Wohl eher: Die SPD ist Steigbügelhalter der organisierten Kriminalität. Und so lange man so an Pöstchen rankommt, ist die Funktionärsriege offensichtlich ganz zufrieden. Auch eine Art von Politik, nämlich eine dekadente.

horst2
Gast
horst2

Der Ausnahmezustand ist natürlich für die deutsche Sozialdemokratie jetzt nicht ganz neu. Momentan überschreibt man ihn mit dem Wort Corona. Vorher mit der Finanzkrise oder dem Klimawandel oder einer übergroßen Jahrhundertbundeskanzlerin. Alles Naturgewalten, alles Ausnahmesituationen, mit denen die SPD fertigwerden musste. Da konnte man nicht einfach abfallen, nicht nicht mitziehen, eine potenzielle Koaltion ausschlagen. Man hatte doch Verantwortung!

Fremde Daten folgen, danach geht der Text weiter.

(* Let $\mathcal{F}=\{f_i\}_{i=1}^k$ be a frame for $\mathcal{H}_n$ and let $\mathcal{S}=\{I\subseteq\{1,\dots,k\}:\operatorname{span}(\{f_i\}_{i\in I})=\mathcal{H}_n\}$. Then $\operatorname{rob}(\mathcal{F})\le\lfloor\log_2|\mathcal{S}|\rfloor$.
   Context: $\mathcal{H}_n$ is an $n$-dimensional real or complex Hilbert space. A finite sequence of vectors in $\mathcal{H}_n$ is a frame for $\mathcal{H}_n$ iff it spans $\mathcal{H}_n$. A frame $\{f_i\}_{i=1}^k$ is robust to $r$ erasures if for every index set $I\subseteq\{1,\dots,k\}$ with $|I|=r$, the sequence $\{f_i\}_{i\notin I}$ still spans $\mathcal{H}_n$. The maximum robustness $\operatorname{rob}(\mathcal{F})$ is the largest $r$ such that $\mathcal{F}$ is robust to $r$ erasures. *)

theory Defs
  imports "HOL-Analysis.Analysis"
begin

text \<open>H_n is modelled as the coordinate space K^n = K^'n (K = real or complex),
  with the K-linear span vec.span. A finite sequence f_1,...,f_k is a function
  f :: nat => K^'n restricted to the indices {1..k}.\<close>

definition is_frame :: "(nat \<Rightarrow> 'a::field ^ 'n) \<Rightarrow> nat \<Rightarrow> bool" where
  "is_frame f k \<longleftrightarrow> vec.span (f ` {1..k}) = UNIV"

definition robust_to :: "(nat \<Rightarrow> 'a::field ^ 'n) \<Rightarrow> nat \<Rightarrow> nat \<Rightarrow> bool" where
  "robust_to f k r \<longleftrightarrow>
     (\<forall>I. I \<subseteq> {1..k} \<and> card I = r \<longrightarrow> vec.span (f ` ({1..k} - I)) = UNIV)"

definition rob :: "(nat \<Rightarrow> 'a::field ^ 'n) \<Rightarrow> nat \<Rightarrow> nat" where
  "rob f k = (GREATEST r. r \<le> k \<and> robust_to f k r)"

definition spanning_index_sets :: "(nat \<Rightarrow> 'a::field ^ 'n) \<Rightarrow> nat \<Rightarrow> nat set set" where
  "spanning_index_sets f k = {I. I \<subseteq> {1..k} \<and> vec.span (f ` I) = UNIV}"

end

theory Submission
  imports Defs
begin

text \<open>If f survives the erasure of a fixed set J of r indices, then it also survives the
  erasure of every subset of J, since enlarging an index set only enlarges its span. Thus the
  2^r complements of subsets of J are distinct spanning index sets, and
  2^(rob f k) \<le> |S| gives the bound after taking logarithms.\<close>

lemma finite_spanning_index_sets: "finite (spanning_index_sets f k)"
  unfolding spanning_index_sets_def
  by (rule finite_subset[of _ "Pow {1..k}"]) auto

lemma spanning_index_sets_superset:
  assumes "I \<in> spanning_index_sets f k" and "I \<subseteq> J" and "J \<subseteq> {1..k}"
  shows "J \<in> spanning_index_sets f k"
proof -
  have "vec.span (f ` I) \<subseteq> vec.span (f ` J)"
    using assms(2) by (intro vec.span_mono image_mono)
  then show ?thesis
    using assms unfolding spanning_index_sets_def by auto
qed

lemma robust_to_rob:
  assumes "is_frame f k"
  shows "rob f k \<le> k" and "robust_to f k (rob f k)"
proof -
  have robust_0: "robust_to f k 0"
    using assms unfolding robust_to_def is_frame_def
    by (metis Diff_empty card_0_eq finite_atLeastAtMost finite_subset)
  have "rob f k \<le> k \<and> robust_to f k (rob f k)"
    unfolding rob_def by (rule GreatestI_nat[where k = 0 and b = k]) (use robust_0 in auto)
  then show "rob f k \<le> k" and "robust_to f k (rob f k)" by auto
qed

lemma robust_to_imp_card_spanning_index_sets:
  assumes "robust_to f k r" and "r \<le> k"
  shows "2 ^ r \<le> card (spanning_index_sets f k)"
proof -
  obtain J where J: "J \<subseteq> {1..k}" "card J = r"
    using assms(2) by (metis card_atLeastAtMost diff_Suc_1 obtain_subset_with_card_n)
  have "{1..k} - J \<in> spanning_index_sets f k"
    using assms(1) J unfolding robust_to_def spanning_index_sets_def by auto
  then have complements: "(\<lambda>I. {1..k} - I) ` Pow J \<subseteq> spanning_index_sets f k"
    by (auto intro: spanning_index_sets_superset)
  have "inj_on (\<lambda>I. {1..k} - I) (Pow J)"
    using J(1) by (intro inj_onI) blast
  then have "card (Pow J) \<le> card (spanning_index_sets f k)"
    using complements finite_spanning_index_sets by (rule card_inj_on_le)
  moreover have "finite J"
    using J(1) finite_subset by blast
  ultimately show ?thesis
    using J(2) by (simp add: card_Pow)
qed

lemma le_floor_log2_of_pow_le:
  assumes "2 ^ r \<le> n"
  shows "int r \<le> \<lfloor>log 2 (real n)\<rfloor>"
proof -
  have "(2::real) ^ r \<le> real n"
    using assms by (metis of_nat_le_iff of_nat_numeral of_nat_power)
  then have "log 2 (2 ^ r) \<le> log 2 (real n)"
    by (intro log_mono) simp_all
  then show ?thesis
    by (simp add: le_floor_iff)
qed

lemma rob_le_floor_log_card_spanning_index_sets:
  fixes f :: "nat \<Rightarrow> 'a::field ^ 'n"
  assumes "is_frame f k"
  shows "int (rob f k) \<le> \<lfloor>log 2 (real (card (spanning_index_sets f k)))\<rfloor>"
  using robust_to_rob[OF assms]
  by (intro le_floor_log2_of_pow_le robust_to_imp_card_spanning_index_sets)

theorem proposition2p1:
  shows "(\<forall>(f :: nat \<Rightarrow> real ^ 'n) k. is_frame f k \<longrightarrow>
            int (rob f k) \<le> \<lfloor>log 2 (real (card (spanning_index_sets f k)))\<rfloor>)
       \<and> (\<forall>(f :: nat \<Rightarrow> complex ^ 'n) k. is_frame f k \<longrightarrow>
            int (rob f k) \<le> \<lfloor>log 2 (real (card (spanning_index_sets f k)))\<rfloor>)"
  by (intro conjI allI impI rob_le_floor_log_card_spanning_index_sets)

end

Sehr gut, aber leider den entscheidenden Hieb ausgelassen: Kriegskredite, Burgfriedenspolitik
Die SPD versagt tatsächlich seit einem Jahrhundert!
Wer unbedingt die Obrigkeit vertreten will und damit nicht die Arbeitnehmer, der verhält sich eben nicht staatsmännisch sondern nur verräterisch.

Heldentasse
Mitglied
Heldentasse

SPD? Muss man sich noch für die interessieren? Oder ist das eher so etwas wie Leichenschändung? 😛

Die beiden jetzt nicht mehr ganz so neuen Vorsitzenden haben die SPD nicht aus der GroKo-Knechtschaft entführt, ja noch nicht mal die Vorbereitungen dafür getroffen.

Wenn ich an die denke für die beiden, ist das Lied hier angemessen. Und ansonsten würde ich mich auch mal so gerne knechten lassen wie die VorturnerInnen der Sozen.

Michelle
Gast

Wieder mal ein toller Artikel! 😊 Danke dafür… Wenn ich freie Minuten habe, lese ich immer die Neulandrebellen!

Zum Thema: Was will man erwarten?

„Wer hat uns verraten? Sozialdemokraten!“ – „Wer hat uns verraten, wer hat uns verkauft?“

– Marc-Uwe Kling –

Tja, die liebe SPD ist inzwischen eine bedeutungslose, politische Kraft am Rockzipfel der CDU/CSU und seit Schröders KATASTROPHALER und neoliberaler Agenda-Politik mit dem Schikane-System Hartz IV, ist dieser Spruch leider passender denn je… 😢

ChrissieR
Gast
ChrissieR

…Neues vom Känguruh!😀

Carlo
Gast
Carlo

Parteien erinnern mich immer an das römische Patronat. In der klassischen Demokratie kommen keine Parteien vor. Vermutlich aus gutem Grund.